The Hyundai i20 WRC is a World Rally Car built by Hyundai for use from the 2014 World Rally Championship. It is based on the Hyundai i20 subcompact car, and was unveiled at the 2012 Paris Motor Show. The launch of the i20 marks Hyundai's return to the World Rally Championship after a ten-year absence. The car made its first competitive appearance at the 2014 Rallye Monte Carlo.

Competition history
The cars are prepared by Hyundai's performance division, Hyundai Motorsport, from a base in Frankfurt, Germany, and were driven by Thierry Neuville, with Hayden Paddon and Dani Sordo in the 2nd and 3rd cars. A third i20 was entered in the Rally of Portugal for Sordo, In 2014 2011 Production Car World Rally Champion Hayden Paddon drove the third car in seven events during the second half of the season. Additional development work was carried out by Bryan Bouffier.

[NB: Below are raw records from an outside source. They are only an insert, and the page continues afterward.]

lemma inverse_obar_denom_LIMSEQ_0:
  assumes "\<forall>i. 1 \<le> g i"
  shows "(\<lambda>k. 1 / obar_denom g k) \<longlonglongrightarrow> 0"
proof (rule Lim_null_comparison[OF _ LIMSEQ_inverse_real_of_nat])
  show "\<forall>\<^sub>F k in sequentially. norm (1 / obar_denom g k) \<le> inverse (real (Suc k))"
  proof (intro always_eventually allI)
    fix k
    have "real (Suc k) \<le> obar_denom g k"
      using fact_le_obar_denom[of k g] fact_ge_self[of "Suc k"] assms
      by (metis of_nat_fact of_nat_le_iff order_trans)
    then show "norm (1 / obar_denom g k) \<le> inverse (real (Suc k))"
      by (simp add: divide_inverse le_imp_inverse_le)
  qed
qed

lemma obar_expansion_between_partial_sums:
  assumes "obar_expansion x g"
  shows "obar_partial_sum g (2*m) \<le> x" and "x \<le> obar_partial_sum g (2*m+1)"
proof -
  have g: "\<forall>i. 1 \<le> g i" using assms unfolding obar_expansion_def by simp
  have "(\<lambda>k. (-1) ^ k * (1 / obar_denom g k)) sums x"
    using assms unfolding obar_expansion_def obar_denom_def by simp
  then have x: "x = (\<Sum>k. (-1) ^ k * (1 / obar_denom g k))" by (simp add: sums_unique)
  note Leibniz = summable_Leibniz'[OF inverse_obar_denom_LIMSEQ_0[OF g]]
  have pos: "0 \<le> 1 / obar_denom g k" for k using obar_denom_pos[of k g] g by simp
  have mono: "1 / obar_denom g (Suc k) \<le> 1 / obar_denom g k" for k
    using obar_denom_pos[of k g] obar_denom_mono_Suc[OF g, of k] g by (simp add: frac_le)
  show "obar_partial_sum g (2*m) \<le> x" "x \<le> obar_partial_sum g (2*m+1)"
    using Leibniz(2,4)[OF pos mono, of m] unfolding x obar_partial_sum_def by simp_all
qed

lemma obar_partial_sum_cong:
  assumes "\<forall>i<n. p i = g i"
  shows "obar_partial_sum p n = obar_partial_sum g n"
  unfolding obar_partial_sum_def obar_denom_def using assms
  by (intro sum.cong refl arg_cong[where f="\<lambda>d. _ / d"] prod.cong arg_cong[where f=real]) auto

lemma obar_partial_sum_Suc_diff:
  "obar_partial_sum g (Suc n) - obar_partial_sum g n = (-1) ^ n / obar_denom g n"
  unfolding obar_partial_sum_def by simp

definition obar_bounded_symbols :: "nat \<Rightarrow> real set" where
  "obar_bounded_symbols M = {x. \<exists>g. obar_expansion x g \<and> (\<forall>k. g k \<le> M)}"

lemma obar_partial_sum_odd_bounds:
  assumes "\<forall>i\<le>2*m. 1 \<le> p i"
  shows "obar_partial_sum p (2*m) \<le> obar_partial_sum p (2*m+1)"
    and "obar_partial_sum p (2*m+1) - obar_partial_sum p (2*m) \<le> 1 / fact (2*m+1)"
proof -
  have diff: "obar_partial_sum p (2*m+1) - obar_partial_sum p (2*m) = 1 / obar_denom p (2*m)"
    using obar_partial_sum_Suc_diff[of p "2*m"] by simp
  moreover have "0 < 1 / obar_denom p (2*m)" using obar_denom_pos[OF assms] by simp
  ultimately show "obar_partial_sum p (2*m) \<le> obar_partial_sum p (2*m+1)" by linarith
  show "obar_partial_sum p (2*m+1) - obar_partial_sum p (2*m) \<le> 1 / fact (2*m+1)"
    unfolding diff using fact_le_obar_denom[OF assms] by (simp add: frac_le)
qed

lemma obar_bounded_symbols_subset_cylinders:
  "obar_bounded_symbols M \<subseteq>
     (\<Union>p \<in> PiE {..2*m} (\<lambda>_. {1..M}). {obar_partial_sum p (2*m) .. obar_partial_sum p (2*m+1)})"
proof
  fix x assume "x \<in> obar_bounded_symbols M"
  then obtain g where g: "obar_expansion x g" "\<forall>k. g k \<le> M"
    unfolding obar_bounded_symbols_def by blast
  define p where "p = restrict g {..2*m}"
  have "p \<in> PiE {..2*m} (\<lambda>_. {1..M})"
    using g unfolding p_def obar_expansion_def by auto
  moreover have "obar_partial_sum p n = obar_partial_sum g n" if "n \<le> 2*m+1" for n
    using that by (intro obar_partial_sum_cong) (auto simp: p_def)
  then have "x \<in> {obar_partial_sum p (2*m) .. obar_partial_sum p (2*m+1)}"
    using obar_expansion_between_partial_sums[OF g(1), of m] by simp
  ultimately show "x \<in> (\<Union>p \<in> PiE {..2*m} (\<lambda>_. {1..M}).
      {obar_partial_sum p (2*m) .. obar_partial_sum p (2*m+1)})"
    by blast
qed

lemma hausdorff_pre_obar_bounded_symbols:
  assumes "0 < s" "0 < \<delta>"
  shows "hausdorff_pre s \<delta> (obar_bounded_symbols M) = 0"
proof -
  have "hausdorff_pre s \<delta> (obar_bounded_symbols M) \<le> 0 + ennreal e" if "0 < e" for e
  proof -
    have "\<forall>\<^sub>F n in sequentially. real M ^ n / fact n powr s < e \<and> 1 ^ n / fact n powr 1 < \<delta>"
      using assms that
      by (intro eventually_conj order_tendstoD(2)[OF power_div_fact_powr_LIMSEQ_0]) auto
    then obtain m where "\<And>n. m \<le> n \<Longrightarrow> real M ^ n / fact n powr s < e \<and> 1 ^ n / fact n powr 1 < \<delta>"
      unfolding eventually_sequentially by blast
    from this[of "2*m+1"]
    have m: "real M ^ (2*m+1) / fact (2*m+1) powr s < e" "1 / fact (2*m+1) < \<delta>"
      by simp_all
    define I where "I = PiE {..2*m} (\<lambda>_. {1..M})"
    have "hausdorff_pre s \<delta> (obar_bounded_symbols M)
        \<le> ennreal (real (card I) * (1 / fact (2*m+1)) powr s)"
    proof (rule hausdorff_pre_le_finite_cover[OF \<open>0 < s\<close> _
          obar_bounded_symbols_subset_cylinders[of M m, folded I_def]])
      fix p assume "p \<in> I"
      then have "\<forall>i\<le>2*m. 1 \<le> p i" by (auto simp: I_def PiE_iff)
      then show "bounded {obar_partial_sum p (2*m) .. obar_partial_sum p (2*m+1)} \<and>
          diameter {obar_partial_sum p (2*m) .. obar_partial_sum p (2*m+1)} \<le> 1 / fact (2*m+1)"
        using obar_partial_sum_odd_bounds by simp
    qed (use m(2) in \<open>auto simp: I_def finite_PiE\<close>)
    also have "real (card I) * (1 / fact (2*m+1)) powr s = real M ^ (2*m+1) / fact (2*m+1) powr s"
      by (simp add: I_def card_PiE powr_divide)
    finally show ?thesis using m(1) by (simp add: ennreal_leI order_trans)
  qed
  then have "hausdorff_pre s \<delta> (obar_bounded_symbols M) \<le> 0"
    by (rule ennreal_le_epsilon)
  then show ?thesis by simp
qed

For 2015, Hyundai retained Thierry Neuville, Dani Sordo and Hayden Paddon. In addition, Dutchman Kevin Abbring was the main test driver for the new Hyundai i20 WRC.

For 2016, Hyundai re-homologated the i20 to compete with the five-door version of the model. Neuville won at Italy and scored seven podiums, finishing runner-up behind Volkswagen driver Sébastien Ogier. Paddon also won in his debut in Argentina.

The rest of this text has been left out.